Self Assessment Questions
These questions can be answered in less than 100 words. Please
Email you
group tutor with you answers before Monday 16th March.
- Define the term "hydrophobicity" (when used in relation to amino acids
and proteins)
- Why is the amino acid proline often referred to as a "helix breaker"?
- What are the principles underlying amino acid residue side chain
conformations in proteins?
- What information, other than the amino acid sequence itself, is
available in a SwissProt entry?
- Which databases on the Internet would you use to find protein sequence
patterns associated with specific functions?

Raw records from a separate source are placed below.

(* Let $\mathcal{M}=\langle S,\to,L\rangle$ be a labeled transition system, let $B\subseteq S\times S$ be a skipping simulation on $\mathcal{M}$, and let $s,u,w\in S$ with $sBw$, $s\to u$, and $\langle s,u\rangle$ a node of $\mathit{ranktCt}(\mathcal{M},s,w)$. Then $\mathit{size}(\mathit{ranktCt}(\mathcal{M},u,w))\prec\mathit{size}(\mathit{ranktCt}(\mathcal{M},s,w))$.
   Context: A labeled transition system is $\mathcal{M}=\langle S,\to,L\rangle$ where $S$ is a non-empty set of states, $\to\subseteq S\times S$ is left-total, and $L$ is a function with domain $S$. A fullpath is an infinite sequence $\sigma$ with $\sigma(i)\to\sigma(i+1)$ for all $i$; it starts at $\sigma(0)$. $w\to^{+}v$ means there is a finite path $w=v_0\to\cdots\to v_k=v$ with $k\ge1$. Let $\mathit{INC}$ be the set of strictly increasing infinite sequences of naturals starting at $0$. For a fullpath $\sigma$ and $\pi\in\mathit{INC}$ the $i$-th segment of $\sigma$ is $\sigma(\pi(i)),\dots,\sigma(\pi(i+1)-1)$. $\mathit{match}(B,\sigma,\delta)$ holds iff there exist $\pi,\xi\in\mathit{INC}$ such that for every $i$ and every state $x$ in the $i$-th segment of $\sigma$ w.r.t. $\pi$, $xB\delta(\xi(i))$. $B$ is a skipping simulation (SKS) iff for all $s,w$ with $sBw$: $L(s)=L(w)$, and for every fullpath $\sigma$ starting at $s$ there is a fullpath $\delta$ starting at $w$ with $\mathit{match}(B,\sigma,\delta)$. The computation tree $\mathit{ctree}(\mathcal{M},s)$ has as nodes finite sequences over $S$; it is the smallest tree such that $\langle s\rangle$ is the root, and if $\langle s,\dots,x\rangle$ is a node and $x\to y$ then $\langle s,\dots,x,y\rangle$ is a node whose parent is $\langle s,\dots,x\rangle$. For the SKS $B$: if not $sBw$, $\mathit{ranktCt}(\mathcal{M},s,w)$ is the empty tree; otherwise it is the largest subtree of $\mathit{ctree}(\mathcal{M},s)$ (containing the root) such that every non-root node $\langle s,\dots,x\rangle$ satisfies $xBw$ and, for all $v$ with $w\to^{+}v$, not $xBv$. (Every branch of this tree is finite.) For a tree $t$ all of whose branches are finite, ordinals are assigned to nodes by $\mathit{size}(t,x)=\bigcup_{c\text{ a child of }x}\mathit{size}(t,c)+1$ (von Neumann ordinals), and $\mathit{size}(\mathit{ranktCt}(\mathcal{M},s,w))=\mathit{size}(\mathit{ranktCt}(\mathcal{M},s,w),\langle s\rangle)$. $\prec$ is the strict order on ordinals. *)

theory Defs
  imports Main
begin

text \<open>A labeled transition system: states are the elements of the type 'a,
  the transition relation is R, the labeling is L. Left-totality is a
  separate assumption.\<close>

definition lts_left_total :: "('a \<Rightarrow> 'a \<Rightarrow> bool) \<Rightarrow> bool" where
  "lts_left_total R \<longleftrightarrow> (\<forall>x. \<exists>y. R x y)"

definition fullpath :: "('a \<Rightarrow> 'a \<Rightarrow> bool) \<Rightarrow> (nat \<Rightarrow> 'a) \<Rightarrow> bool" where
  "fullpath R \<sigma> \<longleftrightarrow> (\<forall>i. R (\<sigma> i) (\<sigma> (Suc i)))"

definition INC :: "(nat \<Rightarrow> nat) set" where
  "INC = {\<pi>. strict_mono \<pi> \<and> \<pi> 0 = 0}"

definition match :: "('a \<Rightarrow> 'a \<Rightarrow> bool) \<Rightarrow> (nat \<Rightarrow> 'a) \<Rightarrow> (nat \<Rightarrow> 'a) \<Rightarrow> bool" where
  "match B \<sigma> \<delta> \<longleftrightarrow> (\<exists>\<pi>\<in>INC. \<exists>\<xi>\<in>INC. \<forall>i k. \<pi> i \<le> k \<and> k < \<pi> (Suc i) \<longrightarrow> B (\<sigma> k) (\<delta> (\<xi> i)))"

definition SKS :: "('a \<Rightarrow> 'a \<Rightarrow> bool) \<Rightarrow> ('a \<Rightarrow> 'l) \<Rightarrow> ('a \<Rightarrow> 'a \<Rightarrow> bool) \<Rightarrow> bool" where
  "SKS R L B \<longleftrightarrow> (\<forall>s w. B s w \<longrightarrow> L s = L w \<and>
      (\<forall>\<sigma>. fullpath R \<sigma> \<and> \<sigma> 0 = s \<longrightarrow> (\<exists>\<delta>. fullpath R \<delta> \<and> \<delta> 0 = w \<and> match B \<sigma> \<delta>)))"

inductive_set ctree :: "('a \<Rightarrow> 'a \<Rightarrow> bool) \<Rightarrow> 'a \<Rightarrow> 'a list set" for R s where
  root: "[s] \<in> ctree R s"
| step: "p \<in> ctree R s \<Longrightarrow> R (last p) y \<Longrightarrow> p @ [y] \<in> ctree R s"

definition is_subtree :: "'a list set \<Rightarrow> 'a list set \<Rightarrow> 'a list \<Rightarrow> bool" where
  "is_subtree T t r \<longleftrightarrow> T \<subseteq> t \<and> r \<in> T \<and> (\<forall>x\<in>T. x \<noteq> r \<longrightarrow> butlast x \<in> T)"

definition ranktCt :: "('a \<Rightarrow> 'a \<Rightarrow> bool) \<Rightarrow> ('a \<Rightarrow> 'a \<Rightarrow> bool) \<Rightarrow> 'a \<Rightarrow> 'a \<Rightarrow> 'a list set" where
  "ranktCt R B s w = (if \<not> B s w then {} else
     \<Union>{T. is_subtree T (ctree R s) [s] \<and>
          (\<forall>x\<in>T. x \<noteq> [s] \<longrightarrow> B (last x) w \<and> (\<forall>v. R\<^sup>+\<^sup>+ w v \<longrightarrow> \<not> B (last x) v))})"

definition child :: "'a list set \<Rightarrow> 'a list \<Rightarrow> 'a list \<Rightarrow> bool" where
  "child t x c \<longleftrightarrow> x \<in> t \<and> c \<in> t \<and> (\<exists>z. c = x @ [z])"

text \<open>Comparison of the ordinals size(t,x) = (UN c child of x. size(t,c)) + 1 for
  trees all of whose branches are finite, unfolded from the recursive definition:
  size(t,x) \<le> size(t',y) iff every child d of x has size(t,d) < size(t',y);
  size(t,x) < size(t',y) iff some child c of y has size(t,x) \<le> size(t',c).
  Least fixpoint; on trees with only finite branches this is exactly the
  ordinal order on von Neumann ranks.\<close>
inductive size_le :: "'a list set \<Rightarrow> 'a list \<Rightarrow> 'a list set \<Rightarrow> 'a list \<Rightarrow> bool"
  and size_less :: "'a list set \<Rightarrow> 'a list \<Rightarrow> 'a list set \<Rightarrow> 'a list \<Rightarrow> bool" where
  le: "(\<And>d. child t x d \<Longrightarrow> size_less t d t' y) \<Longrightarrow> size_le t x t' y"
| less: "child t' y c \<Longrightarrow> size_le t x t' c \<Longrightarrow> size_less t x t' y"

definition rank_size_less :: "('a \<Rightarrow> 'a \<Rightarrow> bool) \<Rightarrow> ('a \<Rightarrow> 'a \<Rightarrow> bool) \<Rightarrow> 'a \<Rightarrow> 'a \<Rightarrow> 'a \<Rightarrow> 'a \<Rightarrow> bool" where
  "rank_size_less R B u w s w' \<longleftrightarrow> size_less (ranktCt R B u w) [u] (ranktCt R B s w') [s]"

end

theory Submission
  imports Defs
begin

text \<open>Prepending s embeds ranktCt(u,w) into the subtree of ranktCt(s,w) below the node
  [s,u], so size(ranktCt(u,w)) is at most the size of that node, which is smaller than the
  size of the root [s]. The comparison needs every branch of ranktCt(u,w) to be finite: along
  an infinite branch the skipping simulation would match the states to a fullpath from w, so
  some state of the branch would be related to a state strictly reachable from w, which the
  nodes of ranktCt(u,w) forbid.\<close>

definition rank_subtree :: "('a \<Rightarrow> 'a \<Rightarrow> bool) \<Rightarrow> ('a \<Rightarrow> 'a \<Rightarrow> bool) \<Rightarrow> 'a \<Rightarrow> 'a \<Rightarrow> 'a list set \<Rightarrow> bool"
  where "rank_subtree R B s w T \<longleftrightarrow> is_subtree T (ctree R s) [s] \<and>
    (\<forall>x\<in>T. x \<noteq> [s] \<longrightarrow> B (last x) w \<and> (\<forall>v. R\<^sup>+\<^sup>+ w v \<longrightarrow> \<not> B (last x) v))"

- Describe a program or technique which can be used to represent a
protein structure within a page of HTML.
- Discuss briefly the four building blocks that form DNA and the way
these are assembled to form a double helix.
- Indicate the different roles within the cell of rRNA, tRNA and mRNA.
- What is the structure of the lac operon and indicate how it is
regulated.
- What are Signal Recognition Particles?
- How do the four bases in mRNA code for twenty amino acids and
control initiation/termination during translation?
- Why are glycine residues often conserved in homologous protein
sequences?
- Give the phi/psi torsion angle limits for right-handed alpha-helices,
beta-strands and left-handed helices.
- Why are cations often bound to the C-terminal of alpha-helices?
- Give three reasons why the substitution of an Asp(D) by a Trp(W) in a
protein sequence is unlikely.
- Which type of interaction, H-bonding, hydrophobic interactions or
ionic interactions, is likely to be the most important in energy terms
in causing protein molecules in dilute aqueous solution to associate
with each other? Why?
- Why is the pKa of the epsilon-amino group higher than that of the
alpha-amino group of Lys?
- Which of the following amino acids are likely to be found in the
interior of a protein and which on the exterior: Val, Pro, Phe, Asp,
Lys, His, Gly.
- Histones have high percentages of basic (Arg and Lys) amino acids.
Will it be easy to determine their sequences by peptide mapping? Why
or why not?
- Two of the twenty amino acid residues which occur in proteins have
side groups which contain asymmetric carbons. Which are they and what
is the R/S classification of each asymmetric centre?